Recent NAEP Test Scores Point the Way
Our Nation’s Report Card for fourth graders dropped last week, and the 2022 reading score results were pretty much what we would have expected.
Remember the phrase ‘Covid Slide’? It’s probably tucked away somewhere with your banana bread recipe and cleaning wipes.
The National Assessment of Educational Progress (NAEP) tests a demographic cross section of fourth and eighth graders in the United States every two years to ascertain how we’re doing in reading and math. The test was due to be given in 2021, but postponed until recently due to the pandemic.
As it turns out, Covid Slide was real. Unsurprisingly, our fourth graders’ reading scores dropped 5 points compared to their 2019 scores, the largest decline since 1990.
Two Important Things the NAEP Data Tell Us
What can we learn from this?
The first, most obvious take away is that the lockdowns were harmful to children. Kids need to be in school. But we already knew that. We’ve seen it in the increase in mental health issues that have also accompanied their delay in academic skills.
The data points to another conclusion as well.
Children who love to read showed far less decline than children who don’t.
When I wrote “Worried About Your Child Falling Behind During the Pandemic? The Single Most Important Thing Parents Can Do to Mitigate Covid Slide” back in July of 2020 I predicted this correctly.
Students who scored at the 90th percentile or above dropped just 2 points compared to greater amounts for each percentile rank below, with a decline of a full 12 points for students scoring in the 10th percentile.
While this too may seem like an obvious result, it bears unpacking.
Issues with access to technology and varying degrees of quality in lesson delivery through distance learning are factors that unquestionably had an impact on student learning through lockdowns.
Students Who Read for Pleasure Experienced Less “Covid Slide”
The greatest factor, however, was one that I knew would most profoundly impact how my fifth grade students fared when we left school in March of 2020, and it was this:
Students who continued reading for pleasure would weather this calamity far better than their peers who did not.
The NAEP data certainly underscores this.
But, one might think, how can you know how much students read for pleasure just by looking at their test scores?
After 32 years teaching elementary school and observing students and the choices they make about reading, I can tell you. Quite a lot.
Each morning my fifth graders would enter the room to classical music and were expected to complete a short ‘get down to business’ activity. Once finished, they were to read a book of their choice quietly.
It was during this short silent reading interval that I learned much about my students and their relationship to reading for pleasure. Through observing how they behaved during this time I began to be able to fairly accurately predict where their standardized test scores would fall.
I knew that students who always had a book in hand and eagerly dove in after completing their work would score in the 90th percentile or above on standardized reading tests. These are the kids who choose to read even when no one is telling them they have to.
I also knew that the students who fought independent reading the most—“I don’t have a book,” “I need to clean out my desk,” “May I sharpen my pencils?” —did not read for pleasure when they had the opportunity, not in class, and probably not at home either, and their test results would show this. *
The take-away? Time spent reading improves a child’s reading skills, so student who read for pleasure do better on tests.
Inexplicably, this glaringly obvious truth is often overlooked when it comes to analyzing reading achievement.
Navigating the Rolling Seas in Education
The world of education has always been in flux when it comes to what and how to teach. Recent years have brought sea changes.

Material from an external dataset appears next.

(* Let $Q=(q_{ij})\in\mathbb{R}^{k\times k}$ be lower triangular with all diagonal blocks scalar (so $d_i=1$ for all $i$, $k=d$, and $\rho_i=q_{ii}>0$), let $(X_i)$ be the associated absorbed Markov chain with initial distribution $\pi=(\pi_1,\dots,\pi_k)$ and absorption time $T$, and suppose $\pi_{\theta_1}\neq0$ for some $\theta=(\theta_1,\dots,\theta_\kappa)\in\mathcal{P}_{\max}$. Then for all $\ell\in\{1,\dots,k\}$: (i) if $\rho_\ell<\rho_{\max}$ or $\mathcal{P}^{(\ell)}_{\max}=\emptyset$, then $\lim_{n\to\infty}\mathbb{E}_\pi\big[\tfrac{1}{n+1}\#\{m\in\{0,\dots,n\}:X_m\in I_\ell\}\,\big|\,T>n\big]=0$; (ii) if $\rho_\ell=\rho_{\max}$ and $\mathcal{P}^{(\ell)}_{\max}\neq\emptyset$, then \[ \lim_{n\to\infty}\mathbb{E}_\pi\Big[\tfrac{1}{n+1}\#\{m\in\{0,\dots,n\}:X_m\in I_\ell\}\,\Big|\,T>n\Big]=\frac{1}{h^+_{\max}}\,\frac{\sum_{\theta\in\mathcal{P}^{(\ell)}_{\max}}\pi_{\theta_1}q_{\theta_1\theta_2}\cdots q_{\theta_{\kappa-1}\theta_\kappa}\prod_{u\in H^-(\theta)}\frac{1}{\rho_{\max}-\rho_{\theta_u}}}{\sum_{\theta\in\mathcal{P}_{\max}}\pi_{\theta_1}q_{\theta_1\theta_2}\cdots q_{\theta_{\kappa-1}\theta_\kappa}\prod_{u\in H^-(\theta)}\frac{1}{\rho_{\max}-\rho_{\theta_u}}}. \]
   Context: Let $P=\begin{pmatrix}1&0\\R&Q\end{pmatrix}$ be a stochastic matrix with $R\in\mathbb{R}^{k\times1}$, $Q\in\mathbb{R}^{k\times k}$, $R,Q\neq0$, $k\ge2$, all eigenvalues of $Q$ of modulus $<1$. $(X_i)$ is the Markov chain with transition matrix $P$ (state $0$ absorbing) and initial distribution $\pi$ on $\{1,\dots,k\}$; $T=\min\{i:X_i=0\}$. Here $Q$ is lower triangular with positive diagonal entries $q_{ii}=:\rho_i$, and $I_\ell=\{\ell\}$. Admissible path: strictly decreasing $\theta=(\theta_1,\dots,\theta_\kappa)$ in $\{1,\dots,k\}$ with $q_{\theta_u\theta_{u+1}}\neq0$ for $u<\kappa$; $\mathcal{P}$ is their set, $\mathcal{P}^{(\ell)}$ those containing $\ell$. $\rho(\theta)=\max_u\rho_{\theta_u}$, $H^+(\theta)=\{u:\rho_{\theta_u}=\rho(\theta)\}$, $H^-(\theta)=\{u:\rho_{\theta_u}<\rho(\theta)\}$, $h^+(\theta)=\#H^+(\theta)$; $\rho_{\max}=\max_i\rho_i$; $h^+_{\max}=\max\{h^+(\theta):\theta\in\mathcal{P},\rho(\theta)=\rho_{\max}\}$; $\mathcal{P}_{\max}=\{\theta\in\mathcal{P}:h^+(\theta)=h^+_{\max},\rho(\theta)=\rho_{\max}\}$; $\mathcal{P}^{(\ell)}_{\max}=\mathcal{P}^{(\ell)}\cap\mathcal{P}_{\max}$. An empty product equals $1$. *)

theory Defs
  imports Complex_Main "HOL-Library.FuncSet"
begin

Students are spending more time on screens, both in and out of school.
The culture wars have found their way into schools and profoundly impacted curriculum.

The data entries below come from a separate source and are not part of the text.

theorem lemma2p21:
  fixes sc :: "complex \<Rightarrow> 'h::ab_group_add \<Rightarrow> 'h"
    and ip :: "'h \<Rightarrow> 'h \<Rightarrow> complex"
    and A T S :: "'h \<Rightarrow> 'h"
  assumes "complex_hilbert_space sc ip"
    and "positive_op sc ip A"
    and "\<exists>x. A x \<noteq> 0"
    and "T \<in> BA sc ip A"
    and "S \<in> BA sc ip A"
  shows "omegaA ip A (\<lambda>x. T x + sc \<i> (S x))
           \<le> 2 * omegaAA ip A (opmat (\<lambda>_. 0) T (\<lambda>x. sc \<i> (S x)) (\<lambda>_. 0)) \<and>
         omegaA ip A (\<lambda>x. T x - sc \<i> (S x))
           \<le> 2 * omegaAA ip A (opmat (\<lambda>_. 0) T (\<lambda>x. sc \<i> (S x)) (\<lambda>_. 0))"
proof -
  interpret hilbert_pos_op sc ip A
    using assms(1,2) by (intro hilbert_pos_op.intro hilbert.intro hilbert_pos_op_axioms.intro)
  have "{x. normA ip A x = 1} \<noteq> {}"
    using normA_unit_exists[OF assms(3)] by blast
  then show ?thesis
    unfolding omegaA_def
    using cmod_ipA_plus_minus_le[OF assms(4,5)] by (auto intro!: cSUP_least)
qed

end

The decades old reading wars rage on as the battle of whole language vs. phonics is fought under the current banners of ‘balanced literacy’ vs. ‘the science of reading.’
Changes in education are perpetual and more consequential than ever right now.

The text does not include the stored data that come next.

lemma join_spec_U_of: "join_spec (U_of e)"
  unfolding join_spec_def U_of_def by (simp add: has_join_singleton)

lemma join_completion_mono: "join_completion e \<Longrightarrow> mono e"
  unfolding join_completion_def by (simp add: monoI)

lemma jc_arrow_from_F_eq_Sup:
  assumes U: "join_spec U" and f: "jc_arrow_from_F U e f" and C: "C \<in> ideals U"
  shows "f C = Sup (e ` C)"
proof -
  have "f C = f (sup_in (ideals U) (down ` C))"
    using C sup_in_down_ideal[of U C] by (simp add: ideals_def)
  also have "\<dots> = Sup (f ` down ` C)"
    using f down_image_ideals[OF U] unfolding jc_arrow_from_F_def by blast
  also have "\<dots> = Sup (e ` C)"
    using f unfolding jc_arrow_from_F_def by (simp add: image_image)
  finally show ?thesis .
qed

lemma jc_arrow_from_F_imp_subset_U_of:
  assumes U: "join_spec U" and f: "jc_arrow_from_F U e f"
  shows "U \<subseteq> U_of e"
proof
  fix S assume S: "S \<in> U"
  have "e (pjoin S) = f (sup_in (ideals U) (down ` S))"
    using f sup_in_down_pjoin[OF U S] unfolding jc_arrow_from_F_def by simp
  also have "\<dots> = Sup (f ` down ` S)"
    using f down_image_ideals[OF U] unfolding jc_arrow_from_F_def by blast
  also have "\<dots> = Sup (e ` S)"
    using f unfolding jc_arrow_from_F_def by (simp add: image_image)
  finally show "S \<in> U_of e"
    using join_spec_has_join[OF U S] unfolding U_of_def by blast
qed

lemma Sup_image_ideal_hull:
  assumes e: "mono e" and U: "U \<subseteq> U_of e"
  shows "Sup (e ` ideal_hull U A) = Sup (e ` A)"
proof (rule order.antisym)
  let ?E = "{x. e x \<le> Sup (e ` A)}"
  have "U_ideal U ?E"
    unfolding U_ideal_def
  proof (intro conjI allI impI ballI)
    fix x y assume "x \<in> ?E" "y \<le> x"
    then show "y \<in> ?E"
      using e by (auto dest: monoD intro: order_trans)
  next
    fix S assume S: "S \<in> U" "S \<subseteq> ?E"
    have "e (pjoin S) = Sup (e ` S)"
      using U S(1) unfolding U_of_def by blast
    also have "\<dots> \<le> Sup (e ` A)"
      using S(2) by (auto intro: SUP_least)
    finally show "pjoin S \<in> ?E"
      by simp
  qed
  moreover have "A \<subseteq> ?E"
    by (auto intro: SUP_upper)
  ultimately have "ideal_hull U A \<subseteq> ?E"
    by (rule ideal_hull_least)
  then show "Sup (e ` ideal_hull U A) \<le> Sup (e ` A)"
    by (auto intro: SUP_least)
  show "Sup (e ` A) \<le> Sup (e ` ideal_hull U A)"
    by (rule SUP_subset_mono[OF ideal_hull_subset order_refl])
qed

As a teacher with decades of experience teaching reading and observing how much habits formed outside the classroom affect the learning inside, I can assure you that the most important thing you can do as a parent to navigate these waters is to teach your child to love reading. Start as early as you can. Read to them daily. Take them to the library regularly. If you can, buy them books.
Loving reading will enable them to ride out these shifting waters, stay afloat, and learn anyway.
For more on why this is the case, check out The Invisible Toolbox: The Power of Reading to Your Child from Birth to Adolescence.
[Also, find more on this topic in the September 2020 issue of L.A. Parent: “Why Reading to Your Child Matters Now More Than Ever”.]
* Reasons for reading avoidance should always be explored. Often, children who avoid reading have arrived in kindergarten already behind. See “Hope for the Struggling Reader” for more on this. But, there could be additional impediments that cause reading to be a struggle. If you suspect that a visual or auditory processing issue could be interfering, speak to your child’s teacher. Check out author and dyslexia expert Don Winn for more on dyslexia and how and when to screen for it. His book, Raising a Child With Dyslexia: What Every Parent Needs to Know is informative, comprehensive, and helpful for educators as well as parents.